Let us now chronicle the rise and sort-of fall of British YouTuber and now-former national e-cycling champion Cameron Jeffers. Unfortunately, the nouns in this story do not become that much easier to understand as we proceed, but please bear with me.
The story begins in March, when Jeffers won the first-ever British virtual racing national championship. The race was broadcast on BT Sport, and the live finals took place in front of a studio audience on the virtual cycling platform Zwift (Barry Bonds is a user). Zwift is a way to gamify the riding of a stationary bike, and the video below shows what Jeffers’s win looked like. Exciting, sure, but also, uh, different from outside road cycling. Please pay attention to the light-up tires on Jeffers’s bike, since they are at the crux of this saga.
Six months later, British Cycling informed Jeffers that he had been stripped of the title after the governing body discovered “manipulation of pre-race data to gain an unfair advantage.” It turns out that the result of said manipulation was the very bike that Jeffers rode to the title. Jeffers’s in-game character won the race on a Concept Z1, which is better known as the Tron bike, for obvious reasons.
A website called Zwift Insider tells us it is the fastest and also “definitely the coolest” bike in Zwift (Jeffers claimed later that there are faster bikes). It seems peculiar to me that an official cycling national championship race would allow competitors to ride different virtual bikes and start on a less-than-level playing field, but that’s probably why I am neither a cycling bureaucrat nor an esports champion.
Anyway, the Concept Z1 can only be unlocked by riders who have climbed 50,000 meters in the game, a process which my friends at Zwift Insider also tell me takes “months.” Jeffers did not go through the entire process of obtaining the virtual bike through legitimate means, as several of his competitors did, instead using a simulator to trick Zwift into thinking his character had climbed all 50,000 meters. The ANT+ simulator allows users to manipulate their power, weight, and other stats in the game, and Jeffers had his character ride at 2,000 watts up long climbs, which is a lot. This gave him access to the Concept Z1, a bike whose sole drawback is that it prevents your in-game character from properly crouching in an aerodynamic position when descending. Shout out Zwift Motherfucking Insider for teaching me so much today.
It’s worth noting here that Jeffers also races professionally on the road for Saint Piran, so he’s definitely got the talent to win an event like the 2019 British Cycling eRacing Championships on any bike. The impropriety that occurred was not significant enough that some yahoo waltzed in and won. I guess this is technically moto-doping, since a computer is a machine.
The decision came down in September, and British Cycling announced last Friday that Jeffers had been fined, suspended from all forms of racing for six months, and stripped of his title. Since Jeffers is a prolific YouTuber with 49.9k subscribers (as of publication) who tune in for cycling and travel videos with names like I’VE WAITED SO LONG TO TELL YOU THIS NEWS, I HAVE TO LEAVE AGAIN, WE MISSED THE BIKE RACE., WHAT IS THIS ON MY BIKE?!, WHEN WILL IT END, and RODE UP A HUGE HILL, to name a few, he released his version of the video that every YouTube creator will inevitably make someday: An apology video. It’s 15 minutes long, features a full length explanation of what went wrong, and it has radicalized me to Jeffers’s cause.

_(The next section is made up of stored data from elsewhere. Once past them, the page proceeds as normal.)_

lemma linear_minimiser_recovers_label:
  assumes "s \<le> d" "i < s" "0 < lam"
    and am: "is_argmin (loss s d s lam) (F_linear d) f"
  shows "\<exists>w. downstream_err s d s i f w = 0"
proof -
  have "f \<in> F_linear d" and loss0: "loss s d s lam f = 0"
    using am is_argmin_loss_iff[OF _ coordinate_projection_in_F_linear loss_coordinate_projection]
      assms(1,3) by auto
  from \<open>f \<in> F_linear d\<close> obtain U :: "nat \<Rightarrow> nat \<Rightarrow> real" where f: "f = (\<lambda>x a. \<Sum>j<d. U a j * x j)"
    unfolding F_linear_def by blast
  note zero = loss0[unfolded loss_eq_0_iff[OF assms(3)]]
  have f_aug: "f (aug s d xb \<tau>) a = (\<Sum>j<s. U a j * xb j)" if "a < s" for xb \<tau> a
    using linear_alignment_eq_0_imp_coeff_eq_0[OF assms(1) f conjunct1[OF zero] that]
    by (simp add: f sum_aug[OF assms(1)])
  have rows: "(\<Sum>j<s. U a j * U b j) = (if a = b then 1 else 0)" if "a < s" "b < s" for a b
  proof -
    have "E_data s d (\<lambda>x. f x a * f x b) = (\<Sum>j<s. U a j * U b j)"
      using that assms(1)
      by (subst E_data_eq_cube_avg[where h="\<lambda>xb. (\<Sum>j<s. U a j * xb j) * (\<Sum>l<s. U b l * xb l)"])
        (simp_all add: f_aug sum_cube_linear_form_mult)
    then show ?thesis
      using conjunct2[OF zero] that by simp
  qed
  have readout: "(\<Sum>a<s. U a i * f (aug s d xb \<tau>) a) = xb i" for xb \<tau>
    using orthonormal_rows_readout[OF rows assms(2)] by (simp add: f_aug)
  have label: "sgn (aug s d xb \<tau> i) = xb i" if "xb \<in> cube d" for xb \<tau>
    using assms(1,2) cube_coord[OF that, of i] by (auto simp: aug_def)
  have "downstream_err s d s i f (\<lambda>a. U a i) = 0"
    unfolding downstream_err_def
    by (subst E_data_eq_cube_avg[where h="\<lambda>_. 0"]) (simp_all add: readout label)
  then show ?thesis by blast
qed
lemma exp_sum_quotient_absolutely_integrable:
  fixes a m :: real
  assumes "a > 0" "m > 0" and exponents: "\<forall>(c, l) \<in> set cls. m \<le> l"
    and moments: "(\<Sum>(c, l)\<leftarrow>cls. c) = 0" "(\<Sum>(c, l)\<leftarrow>cls. c * l) = 0"
      "(\<Sum>(c, l)\<leftarrow>cls. c * l^2) = 0"
  shows "(\<lambda>u. exp_sum cls u / (u * (1 - exp (-a*u)) * (1 - exp (-u)))) absolutely_integrable_on {0<..}"
proof -
  define D where "D u = u * (1 - exp (-a*u)) * (1 - exp (-u))" for u
  define C where "C = (\<Sum>(c, l)\<leftarrow>cls. \<bar>c\<bar> * l^3 * exp l) / 6"
  define d where "d = (1 - exp (-a)) * (1 - exp (-1::real))"
  have D_pos: "D u > 0" if "u > 0" for u
    using that assms unfolding D_def by (intro mult_pos_pos) auto
  have "d > 0"
    using assms unfolding d_def by (intro mult_pos_pos) auto
  have nonneg: "\<forall>(c, l) \<in> set cls. 0 \<le> l"
    using exponents \<open>m > 0\<close> by fastforce
  then have "C \<ge> 0"
    unfolding C_def by (fastforce intro!: sum_list_nonneg)
  have "(\<lambda>u. exp_sum cls u / D u) absolutely_integrable_on {0<..}"
  proof (rule absolutely_integrable_on_bounded_exp_decay[OF _ \<open>m > 0\<close>])
    have "continuous_on {0<..} D"
      unfolding D_def by (intro continuous_intros)
    then show "continuous_on {0<..} (\<lambda>u. exp_sum cls u / D u)"
      using D_pos by (intro continuous_on_divide continuous_on_exp_sum)
        (auto simp: dual_order.strict_implies_not_eq)
    fix u :: real
    assume u: "0 < u" "u \<le> 1"
    have "\<bar>exp_sum cls u\<bar> \<le> C * u^3"
      unfolding C_def using nonneg moments u by (intro exp_sum_bound_near_zero) auto
    also have "\<dots> = C / (a * exp (-(a+1))) * (a * exp (-(a+1)) * u^3)"
      using assms by simp
    also have "\<dots> \<le> C / (a * exp (-(a+1))) * D u"
      using exp_denominator_lower_near_zero[OF assms(1) u] \<open>C \<ge> 0\<close> assms
      unfolding D_def by (intro mult_left_mono) auto
    finally show "\<bar>exp_sum cls u / D u\<bar> \<le> C / (a * exp (-(a+1)))"
      using D_pos[OF u(1)] by (simp add: pos_divide_le_eq)
  next
    fix u :: real
    assume "1 \<le> u"
    then have "d \<le> D u"
      using exp_denominator_lower_far[OF assms(1)] unfolding D_def d_def by blast
    then have "\<bar>exp_sum cls u / D u\<bar> \<le> \<bar>exp_sum cls u\<bar> / d"
      using \<open>d > 0\<close> abs_of_pos[OF D_pos[of u]] \<open>1 \<le> u\<close>
      by (simp add: abs_divide divide_left_mono)
    also have "\<dots> \<le> (\<Sum>(c, l)\<leftarrow>cls. \<bar>c\<bar>) * exp (-m*u) / d"
      using exp_sum_bound_decay[OF exponents] \<open>1 \<le> u\<close> \<open>d > 0\<close> by (simp add: divide_right_mono)
    finally show "\<bar>exp_sum cls u / D u\<bar> \<le> (\<Sum>(c, l)\<leftarrow>cls. \<bar>c\<bar>) / d * exp (-m*u)"
      by simp
  qed
  then show ?thesis
    unfolding D_def .
qed
(* Let $1\le k<n$. The map $f_k(S)=(\lambda^{(1)}_i+\lambda^{(2)}_i)_{1\le i\le k}$ restricts to an injection $\Theta(k,2n+1)\to P(n-k,n)$.
   Context: Root system $B_n$: positive roots $e_a\pm e_b$ ($a<b$), $e_a$; simple roots $e_i-e_{i+1}$ ($i<n$), $e_n$; order $\alpha\le\beta$ iff $\beta-\alpha$ is a nonnegative integer combination of simple roots. Base region: roots $e_a\pm e_b$ ($a\le k<b$) and $e_a$ ($a\le k$), with $i$-th row ($1\le i\le k$) consisting of $e_{k+1-i}\pm e_b$ ($b>k$) and $e_{k+1-i}$. Top region: roots $e_a+e_b$ with $a<b\le k$. For $S$ a set of roots, $\lambda^{(1)}_i$ is the number of roots of $S$ in the $i$-th base row and $\lambda^{(2)}_i$ the number of roots of $S$ of the form $e_a+e_{k+1-i}$, $a<k+1-i$. $S$ (contained in the union of the two regions) is a $W^{OG(k,2n+1)}$-diagram if it meets each region in a lower order ideal of that region and, for each top-region root $e_a+e_b$, $e_a+e_b\in S$ whenever $S$ contains more than $2n+1-2k$ roots of the base rows indexed by $a$ and $b$ (rows $k+1-a$ and $k+1-b$) combined, and $e_a+e_b\notin S$ whenever it contains fewer than $2n+1-2k$ of them. $\Theta(k,2n+1)$ is the set of such diagrams. $P(n-k,n)$ is the set of partitions $\gamma=(\gamma_1\ge\dots\ge\gamma_k\ge0)$ with $\gamma_1\le 2n-k$ and $\gamma_i>\gamma_{i+1}$ whenever $\gamma_i>n-k$. *)

theory Defs
  imports Main "HOL-Library.Function_Algebras"
begin

type_synonym vec = "nat \<Rightarrow> int"

text \<open>Standard basis vector e_a of Z^n (coordinates indexed by 1..n).\<close>
definition ev :: "nat \<Rightarrow> vec" where
  "ev a = (\<lambda>j. if j = a then 1 else 0)"

definition pos_roots :: "nat \<Rightarrow> vec set" where
  "pos_roots n =
     {ev a - ev b | a b. 1 \<le> a \<and> a < b \<and> b \<le> n}
   \<union> {ev a + ev b | a b. 1 \<le> a \<and> a < b \<and> b \<le> n}
   \<union> {ev a | a. 1 \<le> a \<and> a \<le> n}"

definition root_le :: "nat \<Rightarrow> vec \<Rightarrow> vec \<Rightarrow> bool" where
  "root_le n \<alpha> \<beta> \<longleftrightarrow>
     (\<exists>c :: nat \<Rightarrow> nat. \<beta> - \<alpha> =
        (\<Sum>i\<in>{1..<n}. of_nat (c i) * (ev i - ev (Suc i))) + of_nat (c n) * ev n)"

definition base_row :: "nat \<Rightarrow> nat \<Rightarrow> nat \<Rightarrow> vec set" where
  "base_row k n i =
     {ev (k + 1 - i) - ev b | b. k < b \<and> b \<le> n}
   \<union> {ev (k + 1 - i) + ev b | b. k < b \<and> b \<le> n}
   \<union> {ev (k + 1 - i)}"

definition base_region :: "nat \<Rightarrow> nat \<Rightarrow> vec set" where
  "base_region k n = (\<Union>i\<in>{1..k}. base_row k n i)"

definition top_region :: "nat \<Rightarrow> vec set" where
  "top_region k = {ev a + ev b | a b. 1 \<le> a \<and> a < b \<and> b \<le> k}"

definition lower_ideal_in :: "nat \<Rightarrow> vec set \<Rightarrow> vec set \<Rightarrow> bool" where
  "lower_ideal_in n R I \<longleftrightarrow> I \<subseteq> R \<and>
     (\<forall>x\<in>I. \<forall>y\<in>R. root_le n y x \<longrightarrow> y \<in> I)"

definition lambda1 :: "nat \<Rightarrow> nat \<Rightarrow> vec set \<Rightarrow> nat \<Rightarrow> nat" where
  "lambda1 k n S i = card (S \<inter> base_row k n i)"

definition lambda2 :: "nat \<Rightarrow> vec set \<Rightarrow> nat \<Rightarrow> nat" where
  "lambda2 k S i = card {ev a + ev (k + 1 - i) | a. 1 \<le> a \<and> a < k + 1 - i \<and>
                                                 ev a + ev (k + 1 - i) \<in> S}"

definition is_OG_diagram :: "nat \<Rightarrow> nat \<Rightarrow> vec set \<Rightarrow> bool" where
  "is_OG_diagram k n S \<longleftrightarrow>
     S \<subseteq> base_region k n \<union> top_region k \<and>
     lower_ideal_in n (base_region k n) (S \<inter> base_region k n) \<and>
     lower_ideal_in n (top_region k) (S \<inter> top_region k) \<and>
     (\<forall>a b. 1 \<le> a \<and> a < b \<and> b \<le> k \<longrightarrow>
        (let m = card (S \<inter> (base_row k n (k + 1 - a) \<union> base_row k n (k + 1 - b))) in
          (m > 2 * n + 1 - 2 * k \<longrightarrow> ev a + ev b \<in> S) \<and>
          (m < 2 * n + 1 - 2 * k \<longrightarrow> ev a + ev b \<notin> S)))"

text \<open>Theta(k, 2n+1).\<close>
definition Theta :: "nat \<Rightarrow> nat \<Rightarrow> vec set set" where
  "Theta k n = {S. is_OG_diagram k n S}"

text \<open>P(n-k, n): partitions with k parts, encoded as gamma : nat => nat with gamma i the
  i-th part for 1 <= i <= k and gamma i = 0 otherwise.\<close>
definition P_part :: "nat \<Rightarrow> nat \<Rightarrow> (nat \<Rightarrow> nat) set" where
  "P_part k n = {\<gamma>. (\<forall>i. i \<notin> {1..k} \<longrightarrow> \<gamma> i = 0) \<and>
      (\<forall>i\<in>{1..<k}. \<gamma> (Suc i) \<le> \<gamma> i) \<and>
      \<gamma> 1 \<le> 2 * n - k \<and>
      (\<forall>i\<in>{1..<k}. \<gamma> i > n - k \<longrightarrow> \<gamma> i > \<gamma> (Suc i))}"

definition f_map :: "nat \<Rightarrow> nat \<Rightarrow> vec set \<Rightarrow> (nat \<Rightarrow> nat)" where
  "f_map k n S = (\<lambda>i. if i \<in> {1..k} then lambda1 k n S i + lambda2 k S i else 0)"

end

theory Submission
  imports Defs
begin

text \<open>A diagram \<open>S\<close> meets every base row and every top column, each of which is a chain in the
  root order, in a lower set; so \<open>S\<close> is determined by its row counts \<open>l a\<close> and column counts
  \<open>c b\<close> (row and column of \<open>e a\<close>, \<open>e b\<close>), while \<open>f_k S\<close> records only the sums \<open>l b + c b\<close>.
  The top-region rule squeezes \<open>c b\<close> between the numbers of \<open>a < b\<close> with
  \<open>l a + l b > 2n+1-2k\<close> and with \<open>l a + l b \<ge> 2n+1-2k\<close>, both increasing in \<open>l b\<close>; hence, by
  induction on \<open>b\<close>, the sum \<open>l b + c b\<close> determines \<open>l b\<close>, and \<open>f_k\<close> is injective.
  For the image, translation by the simple root \<open>e a - e (a+1)\<close> maps row and column \<open>a\<close> into
  row and column \<open>a+1\<close>, so the parts decrease weakly; when \<open>e a + e (a+1) \<notin> S\<close>, the top-region
  rule gives \<open>l a + l (a+1) \<le> 2(n-k)+1\<close> and column \<open>a+1\<close> is empty, which forces a strict
  decrease below every part exceeding \<open>n-k\<close>.\<close>

lemma ev_inj: "ev a = ev b \<Longrightarrow> a = b"
  by (drule fun_cong[of _ _ a]) (simp add: ev_def split: if_splits)
lemma prepare_select_unprepare_index:
  fixes U W P :: "complex mat"
  assumes U: "U \<in> carrier_mat a a" and P: "P \<in> carrier_mat a a" and "0 < a"
    and W: "select_oracle a d Q f W"
    and "i < d" "j < d"
  shows "(kron_id U (2 * d) * W * kron_id P (2 * d)) $$ (i, j)
       = (\<Sum>l<a. if Q l j \<and> i = f l j then U $$ (0, l) * P $$ (l, 0) else 0)"
proof -
  have diagonal: "(\<Sum>l<a. U $$ (0, l') * W $$ (l' * (2 * d) + i, l * (2 * d) + j) * P $$ (l, 0))
      = (if Q l' j \<and> i = f l' j then U $$ (0, l') * P $$ (l', 0) else 0)" if "l' < a" for l'
  proof -
    have "(\<Sum>l<a. U $$ (0, l') * W $$ (l' * (2 * d) + i, l * (2 * d) + j) * P $$ (l, 0))
        = (\<Sum>l<a. if l = l'
                 then (if Q l' j \<and> i = f l' j then U $$ (0, l') * P $$ (l', 0) else 0) else 0)"
      using that \<open>i < d\<close> \<open>j < d\<close>
      by (intro sum.cong) (auto simp: select_oracle_index[OF W])
    then show ?thesis using that by simp
  qed
  have "i < 2 * d" "j < 2 * d" using \<open>i < d\<close> \<open>j < d\<close> by simp_all
  moreover have "W \<in> carrier_mat (a * (2 * d)) (a * (2 * d))"
    using W unfolding select_oracle_def by blast
  ultimately show ?thesis using kron_id_sandwich_index[OF U _ P \<open>0 < a\<close>] diagonal by simp
qed
lemma nn_integral_renewal:
  fixes f :: "(nat \<Rightarrow> real) \<Rightarrow> ennreal"
  assumes [measurable]: "f \<in> borel_measurable Omega"
    and finite: "(\<integral>\<^sup>+u. f u \<partial>Omega) \<noteq> \<infinity>"
    and renewal: "\<And>x y. AE w in Omega. f (prepend2 x y w) = ennreal (g x y) + ennreal (h x y) * f w"
    and [measurable]: "(\<lambda>z. g (fst z) (snd z)) \<in> borel_measurable (uniform01 \<Otimes>\<^sub>M uniform01)"
      "(\<lambda>z. h (fst z) (snd z)) \<in> borel_measurable (uniform01 \<Otimes>\<^sub>M uniform01)"
    and g: "cut_expectation g = ennreal a" and h: "cut_expectation h = ennreal b"
    and "0 \<le> a" "0 \<le> b" "b < 1"
  shows "(\<integral>\<^sup>+u. f u \<partial>Omega) = ennreal (a / (1 - b))"
proof -
  define X where "X = (\<integral>\<^sup>+u. f u \<partial>Omega)"
  have "X = (\<integral>\<^sup>+x. \<integral>\<^sup>+y. \<integral>\<^sup>+w. f (prepend2 x y w) \<partial>Omega \<partial>uniform01 \<partial>uniform01)"
    unfolding X_def by (rule nn_integral_Omega_prepend2) measurable
  also have "\<dots> = (\<integral>\<^sup>+x. \<integral>\<^sup>+y. ennreal (g x y) + ennreal (h x y) * X \<partial>uniform01 \<partial>uniform01)"
  proof (intro nn_integral_cong)
    fix x y
    have "(\<integral>\<^sup>+w. f (prepend2 x y w) \<partial>Omega) = (\<integral>\<^sup>+w. ennreal (g x y) + ennreal (h x y) * f w \<partial>Omega)"
      by (rule nn_integral_cong_AE[OF renewal])
    also have "\<dots> = ennreal (g x y) + ennreal (h x y) * X"
      unfolding X_def by (simp add: nn_integral_add nn_integral_cmult Omega.emeasure_space_1[unfolded space_Omega])
    finally show "(\<integral>\<^sup>+w. f (prepend2 x y w) \<partial>Omega) = ennreal (g x y) + ennreal (h x y) * X" .
  qed
  also have "\<dots> = ennreal a + ennreal b * X"
    unfolding g[symmetric] h[symmetric] by (rule cut_expectation_add_mult) measurable
  finally have X: "X = ennreal a + ennreal b * X" .
  \<comment> \<open>Finiteness rules out the second solution \<open>X = \<infinity>\<close> of this equation.\<close>
  obtain r where r: "X = ennreal r" "0 \<le> r"
    using finite unfolding X_def by (cases "\<integral>\<^sup>+u. f u \<partial>Omega") auto
  have "ennreal r = ennreal (a + b * r)"
    using X r \<open>0 \<le> a\<close> \<open>0 \<le> b\<close> by (simp add: ennreal_mult ennreal_plus)
  then have "r = a + b * r"
    using r \<open>0 \<le> a\<close> \<open>0 \<le> b\<close> by (subst (asm) ennreal_inj) auto
  then have "r = a / (1 - b)"
    using \<open>b < 1\<close> by (simp add: field_simps)
  then show ?thesis
    using r by (simp add: X_def)
qed

lemma ex_rel_tri_prepend2: "(\<exists>k. rel_tri (prepend2 x y w) k) \<longleftrightarrow> cut_triangle x y \<or> (\<exists>k. rel_tri w k)"
  by (metis rel_tri_prepend2_0 rel_tri_prepend2_Suc not0_implies_Suc)

lemma AE_Omega_terminates: "AE u in Omega. \<exists>k. rel_tri u k"
proof -
  define N where "N = {u \<in> space Omega. \<forall>k. \<not> rel_tri u k}"
  have N_sets [measurable]: "N \<in> sets Omega"
    unfolding N_def by measurable
  have "emeasure Omega N = (\<integral>\<^sup>+u. indicator N u \<partial>Omega)"
    by simp
  also have "\<dots> = ennreal (0 / (1 - 3/4))"
  proof (rule nn_integral_renewal[where g = "\<lambda>_ _. 0" and h = "nontriangle_moment 0"])
    fix x y
    have "indicator N (prepend2 x y w) = ennreal 0 + ennreal (nontriangle_moment 0 x y) * indicator N w" for w
      using ex_rel_tri_prepend2[of x y w] by (auto simp: N_def nontriangle_moment_def indicator_def)
    then show "AE w in Omega. indicator N (prepend2 x y w) = ennreal 0 + ennreal (nontriangle_moment 0 x y) * indicator N w"
      by simp
  next
    show "cut_expectation (\<lambda>_ _. 0) = ennreal 0"
      by (simp add: cut_expectation_def)
  qed (simp_all add: cut_expectation_nontriangle)
  finally have N_null: "emeasure Omega N = 0"
    by simp
  have "{u \<in> space Omega. \<not> (\<exists>k. rel_tri u k)} = N"
    by (simp add: N_def)
  from AE_iff_measurable[OF N_sets this] N_null show ?thesis
    by simp
qed

lemma final_perimeter_le_1: "\<forall>n. u n \<in> {0..1} \<Longrightarrow> final_perimeter u \<le> 1"
  unfolding final_perimeter_eq by (rule seg_len_le_1) blast

lemma final_area_le_1:
  assumes "\<forall>n. u n \<in> {0..1}"
  shows "final_area u \<le> 1"
proof -
  let ?L = "seg_len u (stop_time u)" and ?A = "cut_area (u (2 * stop_time u)) (u (2 * stop_time u + 1))"
  have "?L\<^sup>2 \<le> 1"
    using seg_len_le_1[of u] seg_len_nonneg assms by (intro power_le_one) auto
  moreover have "?A \<le> 1"
    using assms by (intro cut_area_le_1) auto
  then have "?L\<^sup>2 * ?A \<le> ?L\<^sup>2 * 1"
    by (intro mult_left_mono) auto
  ultimately show ?thesis
    unfolding final_area_eq by simp
qed

lemma final_area_nonneg:
  assumes "\<exists>k. rel_tri u k"
  shows "0 \<le> final_area u"
proof -
  have "rel_tri u (stop_time u)"
    unfolding stop_time_def using assms by (rule LeastI_ex)
  then show ?thesis
    unfolding final_area_eq by (simp add: rel_tri_def cut_triangle_def[symmetric] cut_area_nonneg)
qed
(* For a positive integer $N$ and $0\le i\le 4$, let $\mathcal S_i$ be the set of pairs $(A,B)$ of $3\times 3$ matrices with entries in $[-N,N]\cap\mathbb{Z}$, written \[ A = \begin{pmatrix} a_1 & a_2 & a_3 \\ a_4 & a_5 & a_6 \\ a_7 & a_8 & a_9 \end{pmatrix},\qquad B = \begin{pmatrix} b_1 & b_2 & b_3 \\ b_4 & b_5 & b_6 \\ b_7 & b_8 & b_9 \end{pmatrix}, \] such that $AB=BA$ and the $6\times 4$ matrix \[ M = \begin{pmatrix} -b_2 & a_2 & 0 & 0 \\ b_4 & -a_4 & 0 & 0 \\ 0 & 0 & -b_3 & a_3 \\ 0 & 0 & b_7 & -a_7 \\ b_8 & -a_8 & -b_8 & a_8 \\ -b_6 & a_6 & b_6 & -a_6 \end{pmatrix} \] has rank $i$. Then there is an absolute constant $C>0$ such that for all integers $N\ge 2$, \[ |\mathcal S_0|+|\mathcal S_1|+|\mathcal S_3| \le C N^9(\log N)^3. \] *)

theory Defs
  imports "HOL-Analysis.Analysis"
begin

text \<open>3x3 integer matrices are \<open>int^3^3\<close>; entry a_k of the paper with k = 3(i-1)+j
  is \<open>A $ i $ j\<close> for i, j in {1,2,3}.\<close>

definition Mmat :: "int^3^3 \<Rightarrow> int^3^3 \<Rightarrow> real^4^6" where
  "Mmat A B = (let a = (\<lambda>i j. real_of_int (A $ i $ j)); b = (\<lambda>i j. real_of_int (B $ i $ j)) in
     vector [
       vector [- b 1 2, a 1 2, 0, 0],
       vector [b 2 1, - a 2 1, 0, 0],
       vector [0, 0, - b 1 3, a 1 3],
       vector [0, 0, b 3 1, - a 3 1],
       vector [b 3 2, - a 3 2, - b 3 2, a 3 2],
       vector [- b 2 3, a 2 3, b 2 3, - a 2 3]])"

definition S_set :: "int \<Rightarrow> nat \<Rightarrow> ((int^3^3) \<times> (int^3^3)) set" where
  "S_set N r = {(A, B). (\<forall>i j. \<bar>A $ i $ j\<bar> \<le> N \<and> \<bar>B $ i $ j\<bar> \<le> N) \<and>
      A ** B = B ** A \<and> rank (Mmat A B) = r}"

end

theory Submission
  imports Defs
begin

text \<open>Split a pair (A, B) into its key -- the off-diagonal entries of A and B together with
  (a9, b9) -- and the vector d = (a1 - a5, b1 - b5, a1 - a9, b1 - b9) of diagonal differences.
  The six off-diagonal entries of AB = BA say that M d depends on the key only, so within a fibre
  of the key the vectors d differ by null vectors of M. As d has entries in [-2N, 2N], a fibre
  contains at most (4N + 1)^(4 - rank M) pairs. Rank 0 forces all
  off-diagonal entries to vanish; rank 1 leaves at most one of the three blocks
  (a_ij, b_ij), (a_ji, b_ji) nonzero; and rank less than 4 forces the two vectors of every block to
  be parallel. Parallel pairs of vectors in [-N, N]^2 are multiples s v, t v of one vector v with
  |s|, |t| at most N / |v|, and summing N^2 / |v|^2 over v gives O(N^2 log N) of them.\<close>

lemma null_vectors_determined_by_coordinates:
  fixes M :: "real^'n^'m"
  obtains J where "card J \<le> CARD('n) - rank M"
    and "\<And>z. M *v z = 0 \<Longrightarrow> (\<forall>j\<in>J. z $ j = 0) \<Longrightarrow> z = 0"
proof -
  obtain R where R: "R \<subseteq> rows M" "independent R" "rows M \<subseteq> span R" "card R = rank M"
    using basis_exists[of "rows M"] by (auto simp: row_rank_def)
  define E where "E = range (\<lambda>j::'n. axis j (1::real))"
  have "E = Basis" unfolding E_def Basis_vec_def by auto
  then have span_E: "span E = UNIV" by (simp add: span_Basis)
  \<comment> \<open>Extend a basis of the row space by unit vectors; the indices of the added ones form J.\<close>
  obtain B where B: "R \<subseteq> B" "B \<subseteq> R \<union> E" "independent B" "R \<union> E \<subseteq> span B"
    using maximal_independent_subset_extend[of R "R \<union> E"] R(2) by blast
  have "finite B" using B(3) finiteI_independent by blast
  have span_B: "span B = UNIV"
    using B(4) span_E by (metis span_mono span_span sup.boundedE top.extremum_uniqueI)
  then have "card B = CARD('n)"
    using basis_card_eq_dim[of B UNIV] B(3) by simp
  define J where "J = {j. axis j (1::real) \<in> B - R}"
  have "card J \<le> card (B - R)"
    by (rule card_inj_on_le[of "\<lambda>j. axis j 1"])
      (auto simp: J_def inj_on_def axis_eq_axis \<open>finite B\<close>)
  also have "card (B - R) = CARD('n) - rank M"
    using card_Diff_subset[of R B] B(1) R(4) \<open>finite B\<close> \<open>card B = CARD('n)\<close>
    by (metis finite_subset)
  finally have "card J \<le> CARD('n) - rank M" .
  moreover have "z = 0" if null: "M *v z = 0" and J: "\<forall>j\<in>J. z $ j = 0" for z
  proof -
    have "orthogonal z b" if "b \<in> B" for b
    proof (cases "b \<in> R")
      case True
      then obtain i where "b = M $ i"
        using R(1) by (auto simp: rows_def row_def vec_lambda_eta)
      moreover have "(M *v z) $ i = 0" using null by simp
      ultimately show ?thesis
        by (simp add: orthogonal_def inner_commute matrix_vector_mul_component)
    next
      case False
      then obtain j where "b = axis j 1" "j \<in> J"
        using \<open>b \<in> B\<close> B(2) by (auto simp: E_def J_def)
      then show ?thesis
        using J by (simp add: orthogonal_def inner_axis)
    qed
    then have "orthogonal z z"
      using orthogonal_to_span[of z B z] span_B by auto
    then show ?thesis by (simp add: orthogonal_def)
  qed
  ultimately show thesis by (rule that)
qed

Shortly after he started racing on Zwift last December, an unnamed person approached Jeffers with an offer to help him get the Tron bike with the use of an ANT+ simulator. As he tells it, he wanted the Concept Z1 because “it looks cool.” British cycling actually performed a check-up on Jeffers’s gear before the finals, and he went into the championship race fully approved. He apologized for what he did, calling it “unethical and unsporting,” though he also noted that British Cycling also didn’t introduce its official e-racing regulations until March 2019, which was months after Jeffers obtained the Concept Z1 through allegedly nefarious means.
“Kinda moving forward, I’m not really sure what this means,” Jeffers said. “I kinda hope you guys took something from that and you can find it within yourselves to forgive me.” I can only speak for myself but I have forgiven Cameron Jeffers for the grave offense of letting some random person on a virtual cycling game improperly help him obtain a bike that looks like the motorcycles from 1982’s Tron starring Jeff Bridges and Cindy Morgan, and then use that bike to win the first-ever British national championships of riding a fake bike on a computer. Hopefully you are a big enough person to do the same.